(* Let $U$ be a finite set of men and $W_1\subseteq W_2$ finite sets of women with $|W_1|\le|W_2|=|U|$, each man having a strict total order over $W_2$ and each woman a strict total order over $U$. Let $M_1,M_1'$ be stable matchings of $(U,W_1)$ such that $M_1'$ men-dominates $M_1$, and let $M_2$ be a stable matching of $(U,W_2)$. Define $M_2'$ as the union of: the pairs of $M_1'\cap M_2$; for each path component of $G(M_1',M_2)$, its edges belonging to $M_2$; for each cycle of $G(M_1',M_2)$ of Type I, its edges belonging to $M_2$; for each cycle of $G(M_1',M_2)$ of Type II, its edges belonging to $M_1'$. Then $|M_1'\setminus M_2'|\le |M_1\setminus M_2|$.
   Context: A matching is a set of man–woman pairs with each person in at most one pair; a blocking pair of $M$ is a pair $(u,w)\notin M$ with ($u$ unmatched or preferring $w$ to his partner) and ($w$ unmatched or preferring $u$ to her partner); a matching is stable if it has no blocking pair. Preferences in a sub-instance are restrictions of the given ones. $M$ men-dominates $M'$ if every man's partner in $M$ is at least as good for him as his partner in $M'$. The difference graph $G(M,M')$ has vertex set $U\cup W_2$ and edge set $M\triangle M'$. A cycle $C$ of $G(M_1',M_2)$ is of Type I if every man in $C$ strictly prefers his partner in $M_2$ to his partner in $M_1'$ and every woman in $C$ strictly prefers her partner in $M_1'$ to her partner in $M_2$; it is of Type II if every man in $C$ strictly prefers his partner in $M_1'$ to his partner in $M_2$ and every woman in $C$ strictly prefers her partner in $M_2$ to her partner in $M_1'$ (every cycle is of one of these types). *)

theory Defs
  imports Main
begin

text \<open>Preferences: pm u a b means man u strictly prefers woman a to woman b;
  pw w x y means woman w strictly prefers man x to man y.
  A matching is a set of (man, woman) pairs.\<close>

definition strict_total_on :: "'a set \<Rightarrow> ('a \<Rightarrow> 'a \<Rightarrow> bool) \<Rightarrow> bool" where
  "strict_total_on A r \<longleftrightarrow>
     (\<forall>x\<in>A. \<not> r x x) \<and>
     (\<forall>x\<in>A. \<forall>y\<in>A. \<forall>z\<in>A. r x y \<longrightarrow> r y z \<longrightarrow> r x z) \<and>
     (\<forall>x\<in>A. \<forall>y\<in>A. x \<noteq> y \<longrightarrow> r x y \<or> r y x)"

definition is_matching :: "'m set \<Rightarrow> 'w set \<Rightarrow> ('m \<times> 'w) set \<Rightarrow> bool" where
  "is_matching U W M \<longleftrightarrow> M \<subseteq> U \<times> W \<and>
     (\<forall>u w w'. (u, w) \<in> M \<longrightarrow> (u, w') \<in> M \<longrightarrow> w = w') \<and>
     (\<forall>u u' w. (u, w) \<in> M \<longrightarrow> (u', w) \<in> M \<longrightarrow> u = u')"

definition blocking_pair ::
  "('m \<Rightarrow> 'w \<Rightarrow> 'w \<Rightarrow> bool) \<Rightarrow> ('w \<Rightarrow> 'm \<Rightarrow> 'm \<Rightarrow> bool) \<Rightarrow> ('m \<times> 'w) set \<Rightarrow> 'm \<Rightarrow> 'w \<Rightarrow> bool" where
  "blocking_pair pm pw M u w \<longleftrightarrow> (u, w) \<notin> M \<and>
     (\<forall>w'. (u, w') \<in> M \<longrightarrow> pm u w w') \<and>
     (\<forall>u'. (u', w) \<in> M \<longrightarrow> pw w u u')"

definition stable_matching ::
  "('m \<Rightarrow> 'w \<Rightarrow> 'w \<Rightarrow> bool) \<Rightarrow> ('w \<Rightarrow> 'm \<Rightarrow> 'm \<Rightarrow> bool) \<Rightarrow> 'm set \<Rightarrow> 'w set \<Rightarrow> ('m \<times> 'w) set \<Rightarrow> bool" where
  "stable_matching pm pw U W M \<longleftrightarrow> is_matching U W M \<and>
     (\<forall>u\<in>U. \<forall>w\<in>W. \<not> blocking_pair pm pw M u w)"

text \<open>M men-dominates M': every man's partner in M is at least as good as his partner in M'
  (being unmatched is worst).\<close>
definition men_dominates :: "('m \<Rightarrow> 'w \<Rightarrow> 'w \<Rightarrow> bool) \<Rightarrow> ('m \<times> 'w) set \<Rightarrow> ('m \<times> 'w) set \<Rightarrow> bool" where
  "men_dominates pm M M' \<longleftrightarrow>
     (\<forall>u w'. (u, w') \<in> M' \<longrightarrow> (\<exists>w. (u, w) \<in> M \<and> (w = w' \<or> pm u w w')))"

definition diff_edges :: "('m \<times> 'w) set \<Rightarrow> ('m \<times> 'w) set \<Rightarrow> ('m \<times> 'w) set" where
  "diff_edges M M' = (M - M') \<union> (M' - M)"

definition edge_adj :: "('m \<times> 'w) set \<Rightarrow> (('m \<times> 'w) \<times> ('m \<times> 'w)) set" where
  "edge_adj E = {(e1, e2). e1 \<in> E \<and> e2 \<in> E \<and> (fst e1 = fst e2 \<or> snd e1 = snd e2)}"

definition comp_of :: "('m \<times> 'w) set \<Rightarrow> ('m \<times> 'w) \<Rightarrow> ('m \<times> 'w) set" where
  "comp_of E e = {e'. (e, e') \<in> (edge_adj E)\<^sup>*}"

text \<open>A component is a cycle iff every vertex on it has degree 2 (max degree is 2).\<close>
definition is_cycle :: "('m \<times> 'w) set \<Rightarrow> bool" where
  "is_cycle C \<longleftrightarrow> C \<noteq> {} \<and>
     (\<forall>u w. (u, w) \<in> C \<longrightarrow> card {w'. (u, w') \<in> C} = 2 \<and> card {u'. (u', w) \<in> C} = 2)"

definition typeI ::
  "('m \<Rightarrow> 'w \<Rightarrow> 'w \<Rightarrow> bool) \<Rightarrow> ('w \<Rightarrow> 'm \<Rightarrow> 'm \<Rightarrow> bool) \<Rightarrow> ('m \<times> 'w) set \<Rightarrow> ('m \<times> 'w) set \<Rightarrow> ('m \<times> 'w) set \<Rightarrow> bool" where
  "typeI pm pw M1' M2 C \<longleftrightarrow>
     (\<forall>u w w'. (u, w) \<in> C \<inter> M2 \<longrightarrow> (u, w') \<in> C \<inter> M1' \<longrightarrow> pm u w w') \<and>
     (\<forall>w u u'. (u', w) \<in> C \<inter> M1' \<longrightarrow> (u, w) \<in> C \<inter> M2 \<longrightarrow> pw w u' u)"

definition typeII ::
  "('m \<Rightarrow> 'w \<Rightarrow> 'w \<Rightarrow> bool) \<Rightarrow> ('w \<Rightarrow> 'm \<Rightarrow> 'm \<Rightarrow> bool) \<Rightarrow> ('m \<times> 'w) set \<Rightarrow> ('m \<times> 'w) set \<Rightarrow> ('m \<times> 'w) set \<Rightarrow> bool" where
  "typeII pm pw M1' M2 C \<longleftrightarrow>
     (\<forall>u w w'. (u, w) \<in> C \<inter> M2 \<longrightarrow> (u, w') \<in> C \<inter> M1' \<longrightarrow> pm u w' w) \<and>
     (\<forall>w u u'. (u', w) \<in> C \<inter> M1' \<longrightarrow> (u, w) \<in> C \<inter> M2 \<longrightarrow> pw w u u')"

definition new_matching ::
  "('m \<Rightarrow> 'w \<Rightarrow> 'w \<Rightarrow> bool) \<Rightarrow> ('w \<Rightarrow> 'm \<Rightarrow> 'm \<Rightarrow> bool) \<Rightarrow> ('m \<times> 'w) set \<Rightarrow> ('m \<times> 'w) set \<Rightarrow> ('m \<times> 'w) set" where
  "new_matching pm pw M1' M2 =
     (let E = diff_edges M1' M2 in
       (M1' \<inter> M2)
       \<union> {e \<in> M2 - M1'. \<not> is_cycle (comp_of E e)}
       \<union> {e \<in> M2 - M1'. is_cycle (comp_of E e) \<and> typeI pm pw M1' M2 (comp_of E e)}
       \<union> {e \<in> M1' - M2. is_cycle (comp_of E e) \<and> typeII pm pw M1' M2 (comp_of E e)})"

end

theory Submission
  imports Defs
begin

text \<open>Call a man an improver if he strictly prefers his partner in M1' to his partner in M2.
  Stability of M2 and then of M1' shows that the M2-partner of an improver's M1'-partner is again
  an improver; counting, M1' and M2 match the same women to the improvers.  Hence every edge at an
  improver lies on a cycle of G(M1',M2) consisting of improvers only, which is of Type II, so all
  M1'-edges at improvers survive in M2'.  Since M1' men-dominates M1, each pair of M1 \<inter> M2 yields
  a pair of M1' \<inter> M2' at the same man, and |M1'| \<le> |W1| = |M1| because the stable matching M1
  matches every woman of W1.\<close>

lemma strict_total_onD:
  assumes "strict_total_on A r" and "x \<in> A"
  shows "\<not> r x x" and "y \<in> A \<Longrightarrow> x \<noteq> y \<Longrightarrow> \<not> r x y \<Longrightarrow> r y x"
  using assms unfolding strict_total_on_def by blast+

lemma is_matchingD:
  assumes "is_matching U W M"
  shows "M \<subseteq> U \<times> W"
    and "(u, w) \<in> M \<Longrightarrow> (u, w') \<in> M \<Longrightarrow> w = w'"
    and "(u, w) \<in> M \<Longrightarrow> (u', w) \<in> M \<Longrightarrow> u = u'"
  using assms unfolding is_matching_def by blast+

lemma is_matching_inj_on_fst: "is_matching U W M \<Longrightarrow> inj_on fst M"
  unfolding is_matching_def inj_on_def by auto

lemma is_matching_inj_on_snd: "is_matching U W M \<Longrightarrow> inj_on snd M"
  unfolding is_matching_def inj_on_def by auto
== == ==
▶ [Task description]: Work through the records line by line and tally those with the word "women". Report only the total.

▶ [Exercise solution]: 2